[Opening Material for this exercise section]

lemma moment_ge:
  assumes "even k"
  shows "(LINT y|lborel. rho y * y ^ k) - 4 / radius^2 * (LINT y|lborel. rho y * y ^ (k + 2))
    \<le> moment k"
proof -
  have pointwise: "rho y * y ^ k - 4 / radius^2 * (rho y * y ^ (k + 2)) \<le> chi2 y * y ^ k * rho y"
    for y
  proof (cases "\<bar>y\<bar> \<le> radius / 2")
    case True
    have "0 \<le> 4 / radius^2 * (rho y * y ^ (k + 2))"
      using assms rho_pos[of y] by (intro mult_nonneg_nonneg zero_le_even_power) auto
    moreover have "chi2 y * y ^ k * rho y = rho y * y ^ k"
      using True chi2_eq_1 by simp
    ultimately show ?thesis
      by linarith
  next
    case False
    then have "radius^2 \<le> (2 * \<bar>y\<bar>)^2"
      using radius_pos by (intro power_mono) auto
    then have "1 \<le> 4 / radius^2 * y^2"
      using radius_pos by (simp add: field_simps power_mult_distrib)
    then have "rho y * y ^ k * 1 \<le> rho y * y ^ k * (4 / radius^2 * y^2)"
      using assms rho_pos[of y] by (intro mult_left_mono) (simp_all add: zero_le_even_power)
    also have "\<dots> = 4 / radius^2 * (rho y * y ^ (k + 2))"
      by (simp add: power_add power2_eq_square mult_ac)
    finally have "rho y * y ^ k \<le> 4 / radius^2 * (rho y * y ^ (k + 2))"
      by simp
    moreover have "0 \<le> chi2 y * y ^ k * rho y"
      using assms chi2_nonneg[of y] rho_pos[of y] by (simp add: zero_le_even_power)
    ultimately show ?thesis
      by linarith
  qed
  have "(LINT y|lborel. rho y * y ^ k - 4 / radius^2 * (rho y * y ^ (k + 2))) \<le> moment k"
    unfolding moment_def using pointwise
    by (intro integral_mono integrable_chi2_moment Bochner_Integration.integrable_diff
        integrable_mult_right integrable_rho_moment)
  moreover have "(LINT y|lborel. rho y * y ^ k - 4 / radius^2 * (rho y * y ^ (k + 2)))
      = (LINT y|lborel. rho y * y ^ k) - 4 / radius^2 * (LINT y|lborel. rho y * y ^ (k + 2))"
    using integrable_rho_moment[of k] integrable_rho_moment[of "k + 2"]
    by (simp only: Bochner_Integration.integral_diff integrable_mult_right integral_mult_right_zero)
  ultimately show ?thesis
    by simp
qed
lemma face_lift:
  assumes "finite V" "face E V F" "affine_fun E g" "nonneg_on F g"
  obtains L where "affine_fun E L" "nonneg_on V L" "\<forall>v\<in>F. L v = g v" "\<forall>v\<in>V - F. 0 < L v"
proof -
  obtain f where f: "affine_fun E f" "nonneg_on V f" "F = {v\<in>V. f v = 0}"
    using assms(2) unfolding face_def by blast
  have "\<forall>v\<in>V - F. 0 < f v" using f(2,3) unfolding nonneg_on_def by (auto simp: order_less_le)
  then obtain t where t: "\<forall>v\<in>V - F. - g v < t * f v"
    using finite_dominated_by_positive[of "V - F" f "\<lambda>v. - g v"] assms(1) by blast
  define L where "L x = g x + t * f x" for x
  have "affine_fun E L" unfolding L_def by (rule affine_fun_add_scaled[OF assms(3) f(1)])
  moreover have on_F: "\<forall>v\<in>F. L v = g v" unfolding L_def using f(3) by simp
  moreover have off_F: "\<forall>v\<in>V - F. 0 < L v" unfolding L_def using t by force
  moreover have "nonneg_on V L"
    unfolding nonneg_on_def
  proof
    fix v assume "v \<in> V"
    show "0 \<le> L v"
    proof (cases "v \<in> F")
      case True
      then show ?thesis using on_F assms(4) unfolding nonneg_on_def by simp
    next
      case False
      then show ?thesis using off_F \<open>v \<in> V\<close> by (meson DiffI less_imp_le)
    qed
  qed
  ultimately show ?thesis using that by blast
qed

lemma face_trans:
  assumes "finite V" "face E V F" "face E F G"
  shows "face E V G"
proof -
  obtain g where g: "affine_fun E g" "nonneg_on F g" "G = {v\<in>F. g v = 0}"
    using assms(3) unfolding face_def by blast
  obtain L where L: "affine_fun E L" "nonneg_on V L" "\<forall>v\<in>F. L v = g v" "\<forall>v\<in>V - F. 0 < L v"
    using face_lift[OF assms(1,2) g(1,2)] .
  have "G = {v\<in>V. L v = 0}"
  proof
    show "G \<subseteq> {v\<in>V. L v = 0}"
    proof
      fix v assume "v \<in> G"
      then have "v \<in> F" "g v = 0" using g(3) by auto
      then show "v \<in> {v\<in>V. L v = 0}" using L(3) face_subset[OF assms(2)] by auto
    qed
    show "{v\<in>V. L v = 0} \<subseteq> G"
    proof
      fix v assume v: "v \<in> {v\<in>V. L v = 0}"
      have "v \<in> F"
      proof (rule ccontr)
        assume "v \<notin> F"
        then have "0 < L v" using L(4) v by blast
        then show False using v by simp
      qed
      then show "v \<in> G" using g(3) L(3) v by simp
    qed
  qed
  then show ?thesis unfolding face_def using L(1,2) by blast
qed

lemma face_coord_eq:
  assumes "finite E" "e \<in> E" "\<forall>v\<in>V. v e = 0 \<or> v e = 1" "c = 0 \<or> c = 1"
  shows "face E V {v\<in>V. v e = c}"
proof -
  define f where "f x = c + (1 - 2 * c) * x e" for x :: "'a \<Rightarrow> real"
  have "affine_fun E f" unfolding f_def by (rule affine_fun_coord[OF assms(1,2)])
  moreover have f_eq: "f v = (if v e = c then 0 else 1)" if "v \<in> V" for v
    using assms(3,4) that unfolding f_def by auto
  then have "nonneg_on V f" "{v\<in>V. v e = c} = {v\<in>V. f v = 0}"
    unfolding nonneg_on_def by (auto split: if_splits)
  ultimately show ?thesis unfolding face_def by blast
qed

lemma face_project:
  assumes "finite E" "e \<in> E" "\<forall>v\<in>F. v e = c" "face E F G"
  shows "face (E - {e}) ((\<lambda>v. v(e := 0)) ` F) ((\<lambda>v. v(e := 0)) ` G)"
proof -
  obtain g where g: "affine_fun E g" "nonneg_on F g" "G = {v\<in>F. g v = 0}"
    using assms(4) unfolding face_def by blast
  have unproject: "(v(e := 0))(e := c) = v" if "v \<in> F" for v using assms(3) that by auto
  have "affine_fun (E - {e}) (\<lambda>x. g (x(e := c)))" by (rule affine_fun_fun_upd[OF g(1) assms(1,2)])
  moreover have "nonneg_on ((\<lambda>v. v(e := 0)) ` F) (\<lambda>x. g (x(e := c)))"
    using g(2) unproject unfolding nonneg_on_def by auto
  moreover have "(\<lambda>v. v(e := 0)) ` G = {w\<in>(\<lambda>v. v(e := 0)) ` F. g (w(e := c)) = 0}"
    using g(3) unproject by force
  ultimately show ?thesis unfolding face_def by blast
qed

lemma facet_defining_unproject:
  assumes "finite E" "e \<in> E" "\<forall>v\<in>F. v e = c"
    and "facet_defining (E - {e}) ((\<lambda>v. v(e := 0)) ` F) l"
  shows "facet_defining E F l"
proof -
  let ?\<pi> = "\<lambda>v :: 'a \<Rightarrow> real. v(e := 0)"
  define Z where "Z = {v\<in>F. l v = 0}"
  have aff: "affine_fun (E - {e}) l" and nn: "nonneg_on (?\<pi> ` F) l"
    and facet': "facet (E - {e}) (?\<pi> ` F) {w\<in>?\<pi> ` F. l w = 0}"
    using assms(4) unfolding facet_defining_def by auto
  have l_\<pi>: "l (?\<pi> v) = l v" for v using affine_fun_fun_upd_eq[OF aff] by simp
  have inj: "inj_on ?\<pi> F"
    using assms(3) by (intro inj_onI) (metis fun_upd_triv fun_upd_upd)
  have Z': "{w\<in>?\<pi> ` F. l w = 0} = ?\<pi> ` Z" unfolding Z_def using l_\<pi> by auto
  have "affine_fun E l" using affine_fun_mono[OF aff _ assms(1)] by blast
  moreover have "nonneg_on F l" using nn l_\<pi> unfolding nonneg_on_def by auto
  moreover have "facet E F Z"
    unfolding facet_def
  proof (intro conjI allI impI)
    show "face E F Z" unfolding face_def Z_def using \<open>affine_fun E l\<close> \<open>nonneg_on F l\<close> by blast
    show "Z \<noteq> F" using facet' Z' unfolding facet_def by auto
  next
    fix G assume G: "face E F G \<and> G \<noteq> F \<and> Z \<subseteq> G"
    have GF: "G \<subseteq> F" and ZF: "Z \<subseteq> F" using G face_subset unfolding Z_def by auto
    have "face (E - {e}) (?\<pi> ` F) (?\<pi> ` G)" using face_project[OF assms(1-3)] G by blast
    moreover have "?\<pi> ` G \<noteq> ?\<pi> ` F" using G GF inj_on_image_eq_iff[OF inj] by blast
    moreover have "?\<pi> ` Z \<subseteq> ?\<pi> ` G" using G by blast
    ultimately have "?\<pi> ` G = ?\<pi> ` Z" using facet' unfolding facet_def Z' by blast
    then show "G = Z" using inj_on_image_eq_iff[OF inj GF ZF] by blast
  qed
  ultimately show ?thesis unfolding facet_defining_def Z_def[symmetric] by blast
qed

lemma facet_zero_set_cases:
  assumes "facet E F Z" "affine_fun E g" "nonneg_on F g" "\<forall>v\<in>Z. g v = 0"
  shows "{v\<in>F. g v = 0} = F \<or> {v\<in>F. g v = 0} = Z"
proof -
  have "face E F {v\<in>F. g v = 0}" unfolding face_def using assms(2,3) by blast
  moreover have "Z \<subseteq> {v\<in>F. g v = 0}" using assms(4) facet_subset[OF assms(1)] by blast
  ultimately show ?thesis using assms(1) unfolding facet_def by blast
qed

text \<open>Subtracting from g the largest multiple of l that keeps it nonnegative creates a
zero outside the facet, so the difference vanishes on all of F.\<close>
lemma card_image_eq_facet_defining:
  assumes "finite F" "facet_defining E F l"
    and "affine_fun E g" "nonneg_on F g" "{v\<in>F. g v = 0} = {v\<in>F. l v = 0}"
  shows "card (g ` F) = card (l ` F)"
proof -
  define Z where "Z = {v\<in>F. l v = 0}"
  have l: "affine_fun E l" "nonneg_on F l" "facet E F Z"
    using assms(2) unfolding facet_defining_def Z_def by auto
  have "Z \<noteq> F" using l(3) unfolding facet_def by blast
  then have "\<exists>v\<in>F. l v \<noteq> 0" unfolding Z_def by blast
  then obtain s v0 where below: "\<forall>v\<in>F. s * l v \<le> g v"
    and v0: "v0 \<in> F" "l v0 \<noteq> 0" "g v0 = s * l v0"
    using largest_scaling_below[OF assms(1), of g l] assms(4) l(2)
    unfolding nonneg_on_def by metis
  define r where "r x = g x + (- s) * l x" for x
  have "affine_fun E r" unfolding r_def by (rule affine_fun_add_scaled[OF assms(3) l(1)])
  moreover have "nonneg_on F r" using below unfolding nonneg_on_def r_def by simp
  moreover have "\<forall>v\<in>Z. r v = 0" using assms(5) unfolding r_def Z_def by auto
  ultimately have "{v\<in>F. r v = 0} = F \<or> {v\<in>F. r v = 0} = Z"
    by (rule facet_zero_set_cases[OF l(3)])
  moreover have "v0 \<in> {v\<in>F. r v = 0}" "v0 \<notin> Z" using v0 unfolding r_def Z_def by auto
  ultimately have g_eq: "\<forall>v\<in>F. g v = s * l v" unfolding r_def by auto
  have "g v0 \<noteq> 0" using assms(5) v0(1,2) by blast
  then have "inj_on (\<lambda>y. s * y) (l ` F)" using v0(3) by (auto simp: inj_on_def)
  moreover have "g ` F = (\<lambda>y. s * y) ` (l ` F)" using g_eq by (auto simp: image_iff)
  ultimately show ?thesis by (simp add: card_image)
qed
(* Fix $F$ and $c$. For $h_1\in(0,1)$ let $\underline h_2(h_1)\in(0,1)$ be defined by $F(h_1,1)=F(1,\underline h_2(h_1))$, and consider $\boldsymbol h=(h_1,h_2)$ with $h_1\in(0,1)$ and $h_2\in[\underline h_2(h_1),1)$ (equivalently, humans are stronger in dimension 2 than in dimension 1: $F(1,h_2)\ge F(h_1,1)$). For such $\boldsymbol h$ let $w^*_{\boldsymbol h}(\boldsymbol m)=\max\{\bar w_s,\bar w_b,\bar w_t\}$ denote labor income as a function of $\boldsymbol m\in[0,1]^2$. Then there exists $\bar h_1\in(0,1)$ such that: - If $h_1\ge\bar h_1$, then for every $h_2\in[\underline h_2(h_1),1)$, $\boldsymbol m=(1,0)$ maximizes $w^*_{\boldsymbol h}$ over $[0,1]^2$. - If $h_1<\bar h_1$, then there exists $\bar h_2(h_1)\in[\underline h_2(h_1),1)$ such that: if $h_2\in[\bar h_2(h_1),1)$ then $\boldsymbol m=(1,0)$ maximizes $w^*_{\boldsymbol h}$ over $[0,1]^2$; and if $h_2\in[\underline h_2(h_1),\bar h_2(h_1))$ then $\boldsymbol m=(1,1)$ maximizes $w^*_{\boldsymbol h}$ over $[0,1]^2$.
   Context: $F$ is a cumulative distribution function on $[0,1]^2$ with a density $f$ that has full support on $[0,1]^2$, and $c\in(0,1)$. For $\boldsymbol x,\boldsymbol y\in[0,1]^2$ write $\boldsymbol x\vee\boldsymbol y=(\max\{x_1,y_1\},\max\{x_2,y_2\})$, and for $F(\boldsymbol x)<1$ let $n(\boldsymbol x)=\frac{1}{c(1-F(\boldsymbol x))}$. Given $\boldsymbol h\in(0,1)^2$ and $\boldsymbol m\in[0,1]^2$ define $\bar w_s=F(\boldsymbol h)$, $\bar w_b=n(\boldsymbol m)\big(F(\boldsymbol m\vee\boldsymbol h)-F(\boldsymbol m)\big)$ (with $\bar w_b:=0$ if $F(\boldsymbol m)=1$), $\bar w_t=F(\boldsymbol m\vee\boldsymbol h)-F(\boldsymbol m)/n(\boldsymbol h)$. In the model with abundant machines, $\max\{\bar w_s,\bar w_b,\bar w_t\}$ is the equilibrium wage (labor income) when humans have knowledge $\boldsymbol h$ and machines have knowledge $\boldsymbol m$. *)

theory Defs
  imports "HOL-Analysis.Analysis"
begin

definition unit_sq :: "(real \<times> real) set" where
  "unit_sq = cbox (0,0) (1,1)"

[Closing Material for this exercise section]

What is needed here is one number: how many lines of the entries hold the string "True".

3